MYC regulates the expression of ncRNAs.

Figure 1: MYC regulates the expression of ncRNAs. (a) A heatmap of ncRNAs detected in P493-6 cells. P493-6 cells were analyzed by RNA-seq in triplicate under conditions of high and low MYC expression. Transcripts are ordered by the change in expression upon MYC upregulation with those most upregulated at the top and those most downregulated at the bottom. Image-2where i refers to the sample (column), gene refers to the gene (row) and N refers to the total number of samples (6). (b) A volcano plot of observed fold changes in ncRNA expression vs significance.

Total and nuclear RNA content at high and low MYC levels.

Figure 2: Total and nuclear RNA content at high and low MYC levels. Total RNA was prepared using an RNA extraction robot from (a) ~2x105 P493-6 cells with high or low expression of MYC, or (b) ~4x106 purified nuclei in triplicate. Samples were eluted in a fixed volume of water and RNA concentration determined by Nanodrop. Values are mean + SEM, **P<0.01.

MYC is present at the promoters of ncRNA transcripts

MYC could influence the expression of lncRNA genes either by directly binding to their promoters or by regulating the expression of other transcription factors which subsequently target the non-coding genes. To test for direct regulation by MYC, we have interrogated publicly available P493-6 ChIP-seq (chromatin immunoprecipitation sequencing) data for MYC enrichment proximal to the transcription start sites (TSS) of the 1,273 detected lncRNA genes (Fig. 3). Some MYC-responsive lncRNAs show an increase in MYC occupancy near their TSS similar to that seen for coding transcripts, and MYC typically binds within 1 kb of the TSS. MYC directly binds the TSS in 616 out of 1,273 lncRNAs (48%); this is similar to the situation for coding genes where 6,911 of 10,382 (67%) have MYC present at the TSS. Notably, MYC binding to near TSS was not always associated with a detectable change of expression. This fact may reflect the global effect of MYC on RNA synthesis. These data suggest that lncRNA genes are direct targets of MYC.

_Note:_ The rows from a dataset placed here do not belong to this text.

lemma Istar_subset_annihilator:
  assumes "even n" "CHAR('a::field) = 2"
  shows "(Istar n :: (nat list \<Rightarrow> 'a) set) \<subseteq> annihilator n dn_label (dn_step n)"
  unfolding Istar_def
proof (rule gen_ideal_least[OF is_ideal_annihilator])
  have "(vertex_rel n v :: nat list \<Rightarrow> 'a) \<in> annihilator n dn_label (dn_step n)" if "v < n" "v \<noteq> 2" for v
    by (simp add: annihilator_def KQ_vertex_rel dn_coeff_vertex_rel_vanishes[OF that assms(2)])
  thus "(Istar_gens n :: (nat list \<Rightarrow> 'a) set) \<subseteq> annihilator n dn_label (dn_step n)"
    unfolding Istar_gens_eq[OF n]
    using deformed_vertex_rel_2_in_annihilator[OF assms] cycle_sum_power_in_annihilator by blast
qed

end

section \<open>The socle path\<close>

definition socle_path :: "nat \<Rightarrow> nat list" where
  "socle_path n = map socle_vertex [0..<socle_length n + 1]"

lemma socle_vertex_socle_length:
  assumes "n \<ge> 4" "even n"
  shows "socle_vertex (socle_length n) = 0" "socle_vertex (socle_length n + 1) = 2"
    "socle_vertex (socle_length n + 2) = 1" "socle_vertex (socle_length n + 3) = 2"
proof -
  have "socle_length n mod 4 = 0" using assms by (auto simp: socle_length_def elim!: evenE)
  thus "socle_vertex (socle_length n) = 0" "socle_vertex (socle_length n + 1) = 2"
    "socle_vertex (socle_length n + 2) = 1" "socle_vertex (socle_length n + 3) = 2"
    unfolding socle_vertex_def by presburger+
qed

lemma upt_eq_append_upt: "i \<le> j \<Longrightarrow> j \<le> k \<Longrightarrow> [i..<k] = [i..<j] @ [j..<k]"
  using upt_add_eq_append[of i j "k - j"] by simp

lemma socle_vertex_arrow: "n \<ge> 4 \<Longrightarrow> dn_arrow n (socle_vertex i) (socle_vertex (Suc i))"
proof -
  assume n: "n \<ge> 4"
  have "i mod 4 = 0 \<or> i mod 4 = 1 \<or> i mod 4 = 2 \<or> i mod 4 = 3" by presburger
  moreover have "Suc i mod 4 = (if i mod 4 = 3 then 0 else Suc (i mod 4))" by presburger
  ultimately show ?thesis using n by (auto simp: socle_vertex_def dn_arrow_def dn_edge_def)
qed

lemma dn_path_socle_vertices:
  assumes "n \<ge> 4" "a < b"
  shows "dn_path n (map socle_vertex [a..<b])"
proof -
  have "socle_vertex v < n" for v using socle_vertex_simps(5)[of v] assms(1) by linarith
  moreover have "successively (dn_arrow n) (map socle_vertex [a..<b])"
    unfolding successively_map successively_conv_nth using socle_vertex_arrow[OF assms(1)] by simp
  ultimately show ?thesis using assms(2) by (simp add: dn_path_def)
qed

Binding of MYC to the promoters of lncRNAs in the presence of high (right) and low (left) levels of MYC.

Figure 3: Binding of MYC to the promoters of lncRNAs in the presence of high (right) and low (left) levels of MYC. The MYC binding to the proximal promoters of the lncRNAs with detectable transcription is shown in red. Genes are ranked according to their level of expression.

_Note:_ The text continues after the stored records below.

lemma holds_PrefixE [simp]:
  "holds (PrefixE a b) xs \<longleftrightarrow> prefix (list_decode (peval a xs)) (list_decode (peval b xs))"
  by (auto simp: PrefixE_def prefix_iff_nth nth_default_def)

lemma holds_BoundedE [simp]:
  "holds (BoundedE a b) xs \<longleftrightarrow> list_all2 (\<le>) (list_decode (peval a xs)) (list_decode (peval b xs))"
  by (auto simp: BoundedE_def list_all2_conv_all_nth nth_default_def)

lemma holds_SortedE [simp]:
  "holds (SortedE a) xs \<longleftrightarrow> sorted_wrt (<) (list_decode (peval a xs))"
  by (auto simp: SortedE_def sorted_wrt_iff_nth_Suc_transp less_diff_conv nth_default_def)

lemma holds_CoversE [simp]:
  "holds (CoversE v m u) xs \<longleftrightarrow> covers (peval v xs) (peval m xs) (list_decode (peval u xs))"
  by (auto simp: CoversE_def covers_def)

lemma prod_encode_mono: "a \<le> a' \<Longrightarrow> b \<le> b' \<Longrightarrow> prod_encode (a, b) \<le> prod_encode (a', b')"
  by (simp add: prod_encode_def triangle_def add_mono div_le_mono mult_le_mono)

lemma list_encode_mono: "list_all2 (\<le>) xs ys \<Longrightarrow> list_encode xs \<le> list_encode ys"
  by (induction rule: list_all2_induct) (simp_all add: prod_encode_mono)

lemma all_bounded_list_codes_iff:
  "(\<forall>u<Suc (list_encode \<beta>). list_all2 (\<le>) (list_decode u) \<beta> \<longrightarrow> Q u) \<longleftrightarrow>
   (\<forall>\<sigma>. list_all2 (\<le>) \<sigma> \<beta> \<longrightarrow> Q (list_encode \<sigma>))"
  by (metis less_Suc_eq_le list_decode_inverse list_encode_inverse list_encode_mono)

lemma holds_RefutesE:
  "holds (RefutesE l t s) xs \<longleftrightarrow>
    (\<exists>i<length (list_decode (peval s xs)).
       refutes (nth_default 0 (list_decode (peval l xs))) (peval t xs) (list_decode (peval s xs)) i)"
proof -
  let ?L = "list_decode (peval l xs)" and ?s = "list_decode (peval s xs)"
  have "holds (RefutesE l t s) xs \<longleftrightarrow> (\<exists>i<length ?s.
      \<forall>u<Suc (list_encode (drop (Suc i) ?s)). list_all2 (\<le>) (list_decode u) (drop (Suc i) ?s) \<longrightarrow>
        (\<exists>e<peval t xs. fst (prod_decode e) = i \<and>
           covers (nth_default 0 ?L e) (nth_default 0 ?s i) (list_decode u)))"
    by (simp add: RefutesE_def)
  moreover have "(\<forall>u<Suc (list_encode (drop (Suc i) ?s)).
      list_all2 (\<le>) (list_decode u) (drop (Suc i) ?s) \<longrightarrow>
        (\<exists>e<peval t xs. fst (prod_decode e) = i \<and>
           covers (nth_default 0 ?L e) (nth_default 0 ?s i) (list_decode u)))
    \<longleftrightarrow> refutes (nth_default 0 ?L) (peval t xs) ?s i" if "i < length ?s" for i
    using that
    by (simp only: all_bounded_list_codes_iff list_encode_inverse refutes_def nth_default_nth)
  ultimately show ?thesis
    by blast
qed

lemma computable_on_pexp:
  assumes "wf_pexp 2 e"
    and "\<And>p n. \<exists>k. peval e [pref p k, n] = Suc (Phi p n) \<and> (\<forall>j<k. peval e [pref p j, n] = 0)"
  shows "computable_on D Phi"
proof -
  obtain M where M: "\<And>xs. length xs = 2 \<Longrightarrow> ev M xs (peval e xs)"
    using total_recursive_peval[OF assms(1)] by (auto simp: total_recursive_def)
  have "ev M [a, b] (peval e [a, b])" for a b
    by (rule M) simp
  then show ?thesis
    unfolding computable_on_def using assms(2) by metis
qed

lemma list_decode_pref [simp]: "list_decode (pref p k) = map p [0..<k]"
  by (simp add: pref_def)

definition "reduction_pexp = Cond (LessE (LengthE (Var 0)) (FstDecodeE (Var 1))) (Cst 0)
  (SucE (Cond (AndE (SortedE (SndDecodeE (Var 1))) (RefutesE (Var 0) (FstDecodeE (Var 1)) (SndDecodeE (Var 1))))
    (SucE (SndDecodeE (Var 1))) (Cst 0)))"

lemma refutes_nth_default_map:
  "refutes (nth_default 0 (map p [0..<t])) t s i \<longleftrightarrow> refutes p t s i"
  by (auto simp: refutes_def nth_default_def)

lemma computable_reduction_name: "computable_on D reduction_name"
proof (rule computable_on_pexp)
  show "wf_pexp 2 reduction_pexp"
    by (simp add: reduction_pexp_def)
  fix p n
  let ?t = "fst (prod_decode n)"
  have "peval reduction_pexp [pref p ?t, n] = Suc (reduction_name p n)"
    by (simp add: reduction_pexp_def reduction_name_def holds_RefutesE refutes_nth_default_map Let_def)
  moreover have "peval reduction_pexp [pref p j, n] = 0" if "j < ?t" for j
    using that by (simp add: reduction_pexp_def)
  ultimately show "\<exists>k. peval reduction_pexp [pref p k, n] = Suc (reduction_name p n) \<and>
      (\<forall>j<k. peval reduction_pexp [pref p j, n] = 0)"
    by blast
qed

definition "identity_pexp = Cond (LessE (Var 1) (LengthE (Var 0))) (SucE (NthE (Var 0) (Var 1))) (Cst 0)"

lemma computable_id: "computable_on D (\<lambda>f. f)"
proof (rule computable_on_pexp)
  show "wf_pexp 2 identity_pexp"
    by (simp add: identity_pexp_def)
  fix p :: "nat \<Rightarrow> nat" and n
  have "peval identity_pexp [pref p (Suc n), n] = Suc (p n)"
    by (simp add: identity_pexp_def nth_default_def del: upt_Suc)
  moreover have "peval identity_pexp [pref p j, n] = 0" if "j < Suc n" for j
    using that by (simp add: identity_pexp_def)
  ultimately show "\<exists>k. peval identity_pexp [pref p k, n] = Suc (p n) \<and>
      (\<forall>j<k. peval identity_pexp [pref p j, n] = 0)"
    by blast
qed

theorem mainTheorem6:
  shows "sW_le par_Ccof_dom par_Ccof_sol wFindHS_dom wFindHS_sol"
proof -
  have "realizes par_Ccof_dom par_Ccof_sol (\<lambda>p. G (reduction_name p))"
    if "realizes wFindHS_dom wFindHS_sol G" for G
    using that reduction_name_mem_wFindHS_dom par_Ccof_sol_if_not_mem_open
    unfolding realizes_def wFindHS_sol_def HS_def by blast
  then show ?thesis
    unfolding sW_le_def
    by (intro exI[of _ reduction_name] exI[of _ "\<lambda>f. f"]) (simp add: computable_reduction_name computable_id)
qed

end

MYC regulates lncRNA transcripts in other cell lines

Public ChIP-seq and RNA-seq datasets are also available for two additional cell lines that show varying levels of MYC expression. The multiple myeloma cell line MM.1S overexpresses MYC as a consequence of a translocation [53], whereas the U87-MG glioblastoma cell line exhibits a more modest increase in MYC expression [54]. The number of promoters bound by MYC is correlated with the amount of MYC present in the cell line. MYC binding is observed at a very similar subset of promoters across all three cell lines. However, at high cellular concentrations of MYC more promoters are targeted than at low levels of MYC (Fig. S1). Yet despite this concordant pattern of binding, each cell line expresses a distinct set of lncRNAs (Fig. 4). Only a minority of lncRNAs are expressed in all three cell lines (14%, 390/2,755). In contrast, a majority of protein-coding genes are expressed in the three cell lines (65%, 8,830/13,650), with fewer transcripts specific to an individual cell line. This observation suggests the existence of additional, possibly differentiation-specific factors that control the transcriptional regulator activity of promoter-bound MYC.

MYC stimulates the transcription of distinct sets of lncRNAs in different cell lines.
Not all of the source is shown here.